Economy spooks Americans into spending less on Halloween
Looks like the most frightful ghoul this Halloween season will be the specter of the weak economy, as Americans spend less on this year’s creepfest than they did in 2012.
Some 158 million people are expected to observe the day, according to a survey Monday from the National Retail Federation.
But that’s down from a record high of 170 million celebrants in 2012. And each of those people will spend $75.03 on costumes, decorations, candy and other merriment, a decline from the $79.82 they shelled out on average last year.
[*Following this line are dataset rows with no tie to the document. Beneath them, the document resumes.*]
(* Let $G=(G_1,\dots,G_n)$ be a mean zero Gaussian vector with strictly positive definite (irreducible) covariance matrix $\Gamma$, and let $\alpha\in\mathbb{R}$. For $t>0$ and a diagonal $n\times n$ matrix $S$ with diagonal entries $s_i=S_{i,i}\in[0,1]$, put $\Lambda=t(I-S)$ and $$\Phi(t,S)=\log \mathbb{E}\Big[\exp\Big(-\tfrac12\sum_{i=1}^n \Lambda_{i,i}(G_i+\alpha)^2\Big)\Big],$$ regarded as a power series in $s_1,\dots,s_n$ about $S=0$. Let $\Phi_1(t,S)=\Phi(t,S)|_{\alpha=0}$ and $\Phi_2(t,S)=\Phi(t,S)-\Phi_1(t,S)$, so that $\Phi=\Phi_1+\Phi_2$. Let $Q=Q(t)=[I+(t\Gamma)^{-1}]^{-1}=I-(I+t\Gamma)^{-1}$, let $D=(D_1,\dots,D_n)$ with $D_i=\sum_{k=1}^n(\Gamma^{-1})_{i,k}$ (the $i$-th row sum of $\Gamma^{-1}$), and let $\mathbf 1=(1,\dots,1)$. Then for all $\alpha\in\mathbb{R}$ and all $t$ sufficiently large, $$\Phi_2(t,S)=\frac{\alpha^2}{2}\Big(-\mathbf 1\cdot\Gamma^{-1}\cdot\mathbf 1^T + D\cdot\Big(\frac1t\sum_{m=1}^{\infty}(QS)^m\Big)\cdot D^T\Big)\big(1+O(1/t)\big),$$ where $O(1/t)$ refers to $t\to\infty$.
   Context: All covariance matrices are assumed irreducible (not a direct sum of square matrices). $\mathbf 1$ denotes the $n$-dimensional vector with all entries $1$. *)

theory Defs
  imports "HOL-Analysis.Analysis"
begin

primrec matpow :: "real^'n^'n \<Rightarrow> nat \<Rightarrow> real^'n^'n" where
  "matpow A 0 = mat 1"
| "matpow A (Suc m) = A ** matpow A m"

definition pos_def_matrix :: "real^'n^'n \<Rightarrow> bool" where
  "pos_def_matrix A \<longleftrightarrow> transpose A = A \<and> (\<forall>x. x \<noteq> 0 \<longrightarrow> x \<bullet> (A *v x) > 0)"

text \<open>Irreducible: not (up to a permutation of indices) a direct sum of two square blocks,
  i.e. there is no splitting of the index set into two nonempty parts I, J with
  A i j = 0 for all i in I, j in J.\<close>
definition irreducible_matrix :: "real^'n^'n \<Rightarrow> bool" where
  "irreducible_matrix A \<longleftrightarrow>
     \<not> (\<exists>I :: 'n set. I \<noteq> {} \<and> I \<noteq> UNIV \<and> (\<forall>i\<in>I. \<forall>j\<in>UNIV - I. A $ i $ j = 0))"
Part of the problem may be the cool weather, which also dampened retail sales in the spring.
But a quarter of the 5,290 consumers polled by the trade association said the uncertain state of the economy will affect their spending plans, with 86.1% saying they’ll spend less overall.
Last year, 83.5% of respondents said the same.
Still, total spending for Oct. 31 will settle around $6.9 billion -- a nearly 55% boost since 2005, according to the retail group. And shoppers are starting early, with nearly a third launching their Halloween product hunt before October.
Roughly 44% of American plan to play dress-up, handing over $2.6 billion for costumes -- or $27.85 each. Last year, the average outlay was $28.65.
Sales of pet costumes will run to $330 million. More people than last year will look to the Pinterest website for ideas.
More than 7 in 10 Halloween participants will hand out candy, which will get nearly $2.1 billion in sales.
About $2 billion will go to decorations, making Halloween the most spruced-up holiday behind Christmas. Greeting cards will garner $360 million in sales.